We are making a table (and poster board if requested) available to each university. Universities who wish to participate, and who have not already contacted The Fields Institute to confirm their participation should do so by sending an e-mail to the address listed below. Universities with several departments are asked to cooperate on using the space.
Fields can assist Universities with renting a van or bus to facilitate student travel for the afternoon, to request assistance please contact programs(PUT_AT_SIGN_HERE)fields.utoronto.ca

SCHEDULE FOR THE DAY

12:30-1:00 p.m.

Open time--Information available

1:00-2:00 p.m.

Speaker:Deirdre Haskell, McMaster
An infinite pigeonhole principle
The pigeonhole principle tells us that no finite set is bijective with itself minus a point. On the other hand, every infinite set is -- this can be taken to be the definition of a set being infinite. However, the function which gives the bijection may not be natural in some sense to the category of sets under consideration. In this talk, I will define a certain ring of equivalence classes of sets under allowable bijections, which measures whether or not the category has an infinite pigeonhole principle.

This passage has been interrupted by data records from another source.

(* Fix an integer $d\ge2$. For any $k\in\mathbb{N}$ and $q\in(0,1)$ there exists $q'<q$ such that the following holds. For every $b'\subseteq\{1,\dots,k+1\}$, with $b=b'\cap\{1,\dots,k\}$, there exists a coupling $(A,B)$ of random subsets $A,B\subseteq[d]_\star$ such that $A\preceq B$ almost surely, $A$ has law $\mathscr{A}_{q,k}(b)$, and $B$ has law $\mathscr{A}_{q',k+1}(b')$.
   Context: $[d]=\{1,\dots,d\}$, $[d]_\star=\bigcup_{n\ge0}[d]^n$ (finite sequences, $[d]^0=\{o\}$ with $o$ the empty sequence), with concatenation $u\cdot v$. For $u\in[d]_\star$, $\mathrm{prog}(u)=\{u\cdot v:v\in[d]_\star\}$ and $\tau_u:\mathrm{prog}(u)\to[d]_\star$ is the shift $\tau_u(u\cdot v)=v$. For $\hat q\in(0,1)$, $m\in\mathbb{N}$ and $c\subseteq\{1,\dots,m\}$, $\mathscr{A}_{\hat q,m}(c)$ denotes the law of the random subset of $\bigcup_{i\in c}[d]^{m-i}$ in which each point is included independently with probability $\hat q$. For $A,B\subseteq[d]_\star$, write $A\preceq B$ if there exist $u,v\in[d]_\star$ with $A\subseteq\mathrm{prog}(u)$ and $\tau_u(A)\subseteq\tau_v(B\cap\mathrm{prog}(v))$. *)

theory Defs
  imports "HOL-Probability.Probability"
begin

definition words :: "nat \<Rightarrow> nat list set" where
  "words d = {w. set w \<subseteq> {1..d}}"

definition prog :: "nat \<Rightarrow> nat list \<Rightarrow> nat list set" where
  "prog d u = {u @ v | v. v \<in> words d}"

text \<open>The shift tau_u(u . v) = v (only meaningful on prog(u)).\<close>
definition tau :: "nat list \<Rightarrow> nat list \<Rightarrow> nat list" where
  "tau u x = drop (length u) x"

definition preceq :: "nat \<Rightarrow> nat list set \<Rightarrow> nat list set \<Rightarrow> bool" where
  "preceq d A B \<longleftrightarrow> (\<exists>u\<in>words d. \<exists>v\<in>words d.
      A \<subseteq> prog d u \<and> tau u ` A \<subseteq> tau v ` (B \<inter> prog d v))"

definition ground :: "nat \<Rightarrow> nat \<Rightarrow> nat set \<Rightarrow> nat list set" where
  "ground d m c = (\<Union>i\<in>c. {w \<in> words d. length w = m - i})"

definition Alaw :: "nat \<Rightarrow> real \<Rightarrow> nat \<Rightarrow> nat set \<Rightarrow> nat list set pmf" where
  "Alaw d q m c = map_pmf (\<lambda>f. {w \<in> ground d m c. f w})
      (Pi_pmf (ground d m c) False (\<lambda>_. bernoulli_pmf q))"

end

theory Submission
  imports Defs
begin

text \<open>
  Write G for the ground set of A_{q,k}(b). The ground set of A_{q',k+1}(b') contains the
  disjoint copies 1G and 2G, so the subtrees of B below the children 1 and 2 of the root are
  independent samples of A_{q',k}(b). If the first subtree is all of G (probability
  c = q'^|G|), draw A from a residual law \<mu>, otherwise let A be the second subtree; either
  way A lies inside a subtree of B, whence A \<preceq> B. Then A has law c \<mu> + (1 - c) A_{q',k}(b),
  and such a \<mu> exists as soon as (1 - c) A_{q',k}(b) \<le> A_{q,k}(b) pointwise. Comparing
  Bernoulli weights this reduces to (1 - q'^N) (1 - q')^N \<le> (1 - q)^N with N = |G|, which
  holds simultaneously for the finitely many possible N once q' < q is close enough to q.
\<close>

lemma pmf_bind_if_atom:
  "pmf (bind_pmf M (\<lambda>s. if s = a then N else M)) x
     = pmf M a * pmf N x + (1 - pmf M a) * pmf M x"
proof -
  have "pmf (bind_pmf M (\<lambda>s. if s = a then N else M)) x
        = (\<integral>s. pmf M x + indicator {a} s * (pmf N x - pmf M x) \<partial>M)"
    unfolding pmf_bind by (intro Bochner_Integration.integral_cong) (auto split: split_indicator)
  also have "\<dots> = pmf M x + pmf M a * (pmf N x - pmf M x)"
    by (subst Bochner_Integration.integral_add)
       (auto simp: measure_pmf.prob_space measure_pmf_single measure_pmf.integrable_const_bound[of _ 1])
  finally show ?thesis
    by (simp add: algebra_simps)
qed

lemma exists_pmf_residual:
  fixes L M :: "'a pmf"
  assumes "0 < c" and "\<And>x. (1 - c) * pmf M x \<le> pmf L x"
  obtains \<mu> where "\<And>x. pmf L x = c * pmf \<mu> x + (1 - c) * pmf M x"
proof -
  define f where "f x = (pmf L x - (1 - c) * pmf M x) / c" for x
  have nonneg: "0 \<le> f x" for x
    using assms by (simp add: f_def)
  have "(\<integral>x. f x \<partial>count_space UNIV) = (measure L UNIV - (1 - c) * measure M UNIV) / c"
    unfolding f_def integral_pmf[symmetric]
    by (simp add: integrable_pmf)
  also have "\<dots> = 1"
    using assms(1) by simp
  finally have "(\<integral>\<^sup>+x. ennreal (f x) \<partial>count_space UNIV) = 1"
    using nonneg unfolding f_def
    by (subst nn_integral_eq_integral)
       (auto intro!: integrable_divide integrable_diff integrable_mult_right integrable_pmf)
  then have "\<And>x. pmf (embed_pmf f) x = f x"
    using nonneg by (intro pmf_embed_pmf) auto
  then show ?thesis
    using assms(1) by (intro that[of "embed_pmf f"]) (simp add: f_def)
qed

lemma exists_bind_pmf_if_eq:
  assumes "0 < pmf M a" and "\<And>x. (1 - pmf M a) * pmf M x \<le> pmf L x"
  obtains \<mu> where "bind_pmf M (\<lambda>s. if s = a then \<mu> else M) = L"
proof -
  obtain \<mu> where \<mu>: "\<And>x. pmf L x = pmf M a * pmf \<mu> x + (1 - pmf M a) * pmf M x"
    using exists_pmf_residual[OF assms] by blast
  show ?thesis
    by (intro that[of \<mu>] pmf_eqI) (simp add: pmf_bind_if_atom \<mu>)
qed

lemma bind_pmf_pair_pmf_if:
  "bind_pmf (pair_pmf L L) (\<lambda>(s, t). if s = a then N else return_pmf t) =
   bind_pmf L (\<lambda>s. if s = a then N else L)"
  unfolding pair_pmf_def bind_assoc_pmf
  by (intro bind_pmf_cong refl) (auto simp: bind_return_pmf bind_return_pmf')

lemma map_pmf_bind_pmf_pair:
  "map_pmf fst (bind_pmf M (\<lambda>y. map_pmf (\<lambda>x. (x, y)) (K y))) = bind_pmf M K"
  "map_pmf snd (bind_pmf M (\<lambda>y. map_pmf (\<lambda>x. (x, y)) (K y))) = M"
  by (simp_all add: map_bind_pmf map_pmf_comp map_pmf_const bind_return_pmf')

lemma map_pmf_pair_Pi_pmf_disjoint:
  assumes "finite A" "A1 \<subseteq> A" "A2 \<subseteq> A" "A1 \<inter> A2 = {}"
    and "\<And>f f'. (\<And>x. x \<in> A1 \<Longrightarrow> f x = f' x) \<Longrightarrow> g1 f = g1 f'"
    and "\<And>f f'. (\<And>x. x \<in> A2 \<Longrightarrow> f x = f' x) \<Longrightarrow> g2 f = g2 f'"
  shows "map_pmf (\<lambda>f. (g1 f, g2 f)) (Pi_pmf A dflt p)
           = pair_pmf (map_pmf g1 (Pi_pmf A1 dflt p)) (map_pmf g2 (Pi_pmf A2 dflt p))"
proof -
  have fin: "finite A1" "finite A2"
    using assms(1-3) finite_subset by auto
  have "map_pmf (\<lambda>f. (g1 f, g2 f)) (Pi_pmf A dflt p)
        = map_pmf (\<lambda>f. (g1 f, g2 f)) (Pi_pmf (A1 \<union> A2) dflt p)"
    unfolding Pi_pmf_subset[OF assms(1) Un_least[OF assms(2,3)]] map_pmf_comp
    by (intro map_pmf_cong refl) (auto intro!: arg_cong2[where f = Pair] assms(5,6))
  also have "\<dots> = map_pmf (\<lambda>(f, g). (g1 f, g2 g)) (pair_pmf (Pi_pmf A1 dflt p) (Pi_pmf A2 dflt p))"
    unfolding Pi_pmf_union[OF fin assms(4)] map_pmf_comp
    using assms(4) by (intro map_pmf_cong refl) (auto intro!: arg_cong2[where f = Pair] assms(5,6))
  finally show ?thesis
    by (simp add: map_pair)
qed

lemma finite_ground: "finite (ground d m c)"
proof -
  have "ground d m c \<subseteq> {xs. set xs \<subseteq> {1..d} \<and> length xs \<le> m}"
    by (auto simp: ground_def words_def)
  then show ?thesis
    by (rule finite_subset) (rule finite_lists_length_le, simp)
qed

lemma ground_subset_words: "ground d m c \<subseteq> words d"
  by (auto simp: ground_def)

lemma ground_mono: "c \<subseteq> c' \<Longrightarrow> ground d m c \<subseteq> ground d m c'"
  by (auto simp: ground_def)

text \<open>The index m + 1 of c contributes only the empty word, which has no parent.\<close>

lemma Cons_mem_ground_Suc:
  "j # w \<in> ground d (Suc m) c \<longleftrightarrow> j \<in> {1..d} \<and> w \<in> ground d m (c \<inter> {..m})"
  unfolding ground_def words_def
  by (auto; (rule_tac x = x in bexI)?) (auto simp: Suc_diff_le)

lemma set_pmf_Alaw: "set_pmf (Alaw d q m c) \<subseteq> Pow (ground d m c)"
  by (auto simp: Alaw_def)

lemma pmf_Alaw:
  assumes "0 < q" "q < 1" "S \<subseteq> ground d m c"
  shows "pmf (Alaw d q m c) S = q ^ card S * (1 - q) ^ (card (ground d m c) - card S)"
proof -
  define G where "G = ground d m c"
  define M where "M = Pi_pmf G False (\<lambda>_. bernoulli_pmf q)"
  have fin: "finite G" "finite S"
    using finite_ground assms(3) finite_subset unfolding G_def by blast+
  have SG: "S \<subseteq> G"
    using assms(3) by (simp add: G_def)
  have set_M: "set_pmf M = PiE_dflt G False (\<lambda>_. UNIV)"
    unfolding M_def using fin assms(1,2) by (simp add: set_Pi_pmf o_def)
  have inj: "inj_on (\<lambda>f. {w \<in> G. f w}) (set_pmf M)"
    by (rule inj_onI) (auto simp: set_M PiE_dflt_def fun_eq_iff set_eq_iff)
  have "S = {w \<in> G. w \<in> S}"
    using SG by blast
  then have "pmf (Alaw d q m c) S = pmf (map_pmf (\<lambda>f. {w \<in> G. f w}) M) {w \<in> G. w \<in> S}"
    by (simp add: Alaw_def M_def G_def)
  also have "\<dots> = pmf M (\<lambda>w. w \<in> S)"
    using SG by (intro pmf_map_inj[OF inj]) (auto simp: set_M PiE_dflt_def)
  also have "\<dots> = (\<Prod>x\<in>G. if x \<in> S then q else 1 - q)"
    unfolding M_def using fin SG assms(1,2) by (subst pmf_Pi') (auto intro!: prod.cong)
  also have "\<dots> = q ^ card S * (1 - q) ^ card (G - S)"
    using fin SG by (simp add: prod.If_cases Int_absorb1 Diff_eq)
  finally show ?thesis
    using fin SG by (simp add: G_def card_Diff_subset)
qed

definition subtree :: "nat \<Rightarrow> nat list set \<Rightarrow> nat list set" where
  "subtree j B = {w. j # w \<in> B}"

lemma subtree_Alaw_sample:
  "j \<in> {1..d} \<Longrightarrow>
    subtree j {w \<in> ground d (Suc m) c. f w} = {w \<in> ground d m (c \<inter> {..m}). f (j # w)}"
  by (auto simp: subtree_def Cons_mem_ground_Suc)

lemma map_pmf_Cons_Pi_pmf_eq_Alaw:
  "map_pmf (\<lambda>f. {w \<in> ground d m c. f (j # w)})
     (Pi_pmf ((#) j ` ground d m c) False (\<lambda>_. bernoulli_pmf r)) = Alaw d r m c"
proof -
  have "Pi_pmf (ground d m c) False (\<lambda>_. bernoulli_pmf r) =
        map_pmf (\<lambda>g. g \<circ> (#) j) (Pi_pmf ((#) j ` ground d m c) False (\<lambda>_. bernoulli_pmf r))"
    by (rule Pi_pmf_bij_betw) (auto simp: finite_ground bij_betw_def inj_on_def)
  then show ?thesis
    by (simp add: Alaw_def map_pmf_comp)
qed

lemma map_pmf_subtrees_Alaw:
  assumes "i \<in> {1..d}" "j \<in> {1..d}" "i \<noteq> j"
  shows "map_pmf (\<lambda>B. (subtree i B, subtree j B)) (Alaw d r (Suc m) c)
           = pair_pmf (Alaw d r m (c \<inter> {..m})) (Alaw d r m (c \<inter> {..m}))"
proof -
  define G where "G = ground d m (c \<inter> {..m})"
  have sub: "(#) i ` G \<subseteq> ground d (Suc m) c" "(#) j ` G \<subseteq> ground d (Suc m) c"
    using assms(1,2) by (auto simp: G_def Cons_mem_ground_Suc)
  have "map_pmf (\<lambda>B. (subtree i B, subtree j B)) (Alaw d r (Suc m) c)
        = map_pmf (\<lambda>f. ({w \<in> G. f (i # w)}, {w \<in> G. f (j # w)}))
            (Pi_pmf (ground d (Suc m) c) False (\<lambda>_. bernoulli_pmf r))"
    unfolding Alaw_def map_pmf_comp using assms(1,2)
    by (simp add: subtree_Alaw_sample G_def)
  also have "\<dots> = pair_pmf (Alaw d r m (c \<inter> {..m})) (Alaw d r m (c \<inter> {..m}))"
    using sub assms(3) unfolding G_def
    by (subst map_pmf_pair_Pi_pmf_disjoint[of _ "(#) i ` G" "(#) j ` G"])
       (auto simp: G_def finite_ground map_pmf_Cons_Pi_pmf_eq_Alaw)
  finally show ?thesis .
qed

lemma eventually_at_left_dominated:
  fixes q :: real
  assumes "0 < q" "q < 1"
  shows "eventually (\<lambda>q'. (1 - q' ^ N) * (1 - q') ^ N \<le> (1 - q) ^ N) (at_left q)"
proof (cases "N = 0")
  case False
  have "((\<lambda>x. (1 - x ^ N) * (1 - x) ^ N) \<longlongrightarrow> (1 - q ^ N) * (1 - q) ^ N) (at_left q)"
    by (intro tendsto_intros)
  moreover have "(1 - q ^ N) * (1 - q) ^ N < (1 - q) ^ N"
    using assms False by (simp add: algebra_simps)
  ultimately show ?thesis
    by (rule order_tendstoD(2)[THEN eventually_mono]) simp
qed simp

lemma binomial_weight_dominated:
  fixes q q' :: real
  assumes "0 < q'" "q' < q" "q < 1" "s \<le> N" "(1 - q' ^ N) * (1 - q') ^ N \<le> (1 - q) ^ N"
  shows "(1 - q' ^ N) * (q' ^ s * (1 - q') ^ (N - s)) \<le> q ^ s * (1 - q) ^ (N - s)"
proof -
  have "(1 - q' ^ N) * (1 - q') ^ (N - s) * (1 - q') ^ s = (1 - q' ^ N) * (1 - q') ^ N"
    using assms(4) by (simp add: power_add[symmetric])
  also have "\<dots> \<le> (1 - q) ^ N"
    by (rule assms(5))
  also have "\<dots> = (1 - q) ^ (N - s) * (1 - q) ^ s"
    using assms(4) by (simp add: power_add[symmetric])
  also have "\<dots> \<le> (1 - q) ^ (N - s) * (1 - q') ^ s"
    using assms by (intro mult_left_mono power_mono) auto
  finally have "(1 - q' ^ N) * (1 - q') ^ (N - s) \<le> (1 - q) ^ (N - s)"
    using assms by (simp add: mult_le_cancel_right)
  then have "q' ^ s * ((1 - q' ^ N) * (1 - q') ^ (N - s)) \<le> q' ^ s * (1 - q) ^ (N - s)"
    using assms by (intro mult_left_mono) auto
  also have "\<dots> \<le> q ^ s * (1 - q) ^ (N - s)"
    using assms by (intro mult_right_mono power_mono) auto
  finally show ?thesis
    by (simp add: algebra_simps)
qed

lemma Alaw_dominated:
  fixes d m :: nat and c :: "nat set" and q q' :: real
  defines "N \<equiv> card (ground d m c)"
  assumes "0 < q'" "q' < q" "q < 1" "(1 - q' ^ N) * (1 - q') ^ N \<le> (1 - q) ^ N"
  shows "(1 - pmf (Alaw d q' m c) (ground d m c)) * pmf (Alaw d q' m c) S \<le> pmf (Alaw d q m c) S"
proof (cases "S \<subseteq> ground d m c")
  case True
  then have "card S \<le> N"
    unfolding N_def by (intro card_mono finite_ground)
  with True assms show ?thesis
    by (simp add: pmf_Alaw binomial_weight_dominated)
next
  case False
  then have "pmf (Alaw d q' m c) S = 0"
    using set_pmf_Alaw[of d q' m c] by (auto simp: set_pmf_iff)
  then show ?thesis
    by simp
qed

2:00 p.m. Reception and information sessions
3:00 p.m.

Speaker: Achim Kempf, (Waterloo)
Discreteness vs. Continuity: From Music Recordings to Cosmology


Prof. Haskell's area of research is in Model theoretic algebra.
She is interested in applying the techniques of model theory, which studies algebraic structures in a very general setting, to the examination of particular algebraic structures, especially valued fields.

Prof. Kempf is the Canada Research Chair in the Physics of Information, at the Department of Applied Mathematics within the Faculty of Mathematics in the University of Waterloo in Ontario, Canada.

Prof. Kempf is also cross-appointed to the Department of Physics at Waterloo, a member of the Guelph-Waterloo Physics Institute, a member of the Institute for Quantum Computing and an affiliated member of the independent Perimeter Institute for Theoretical Physics.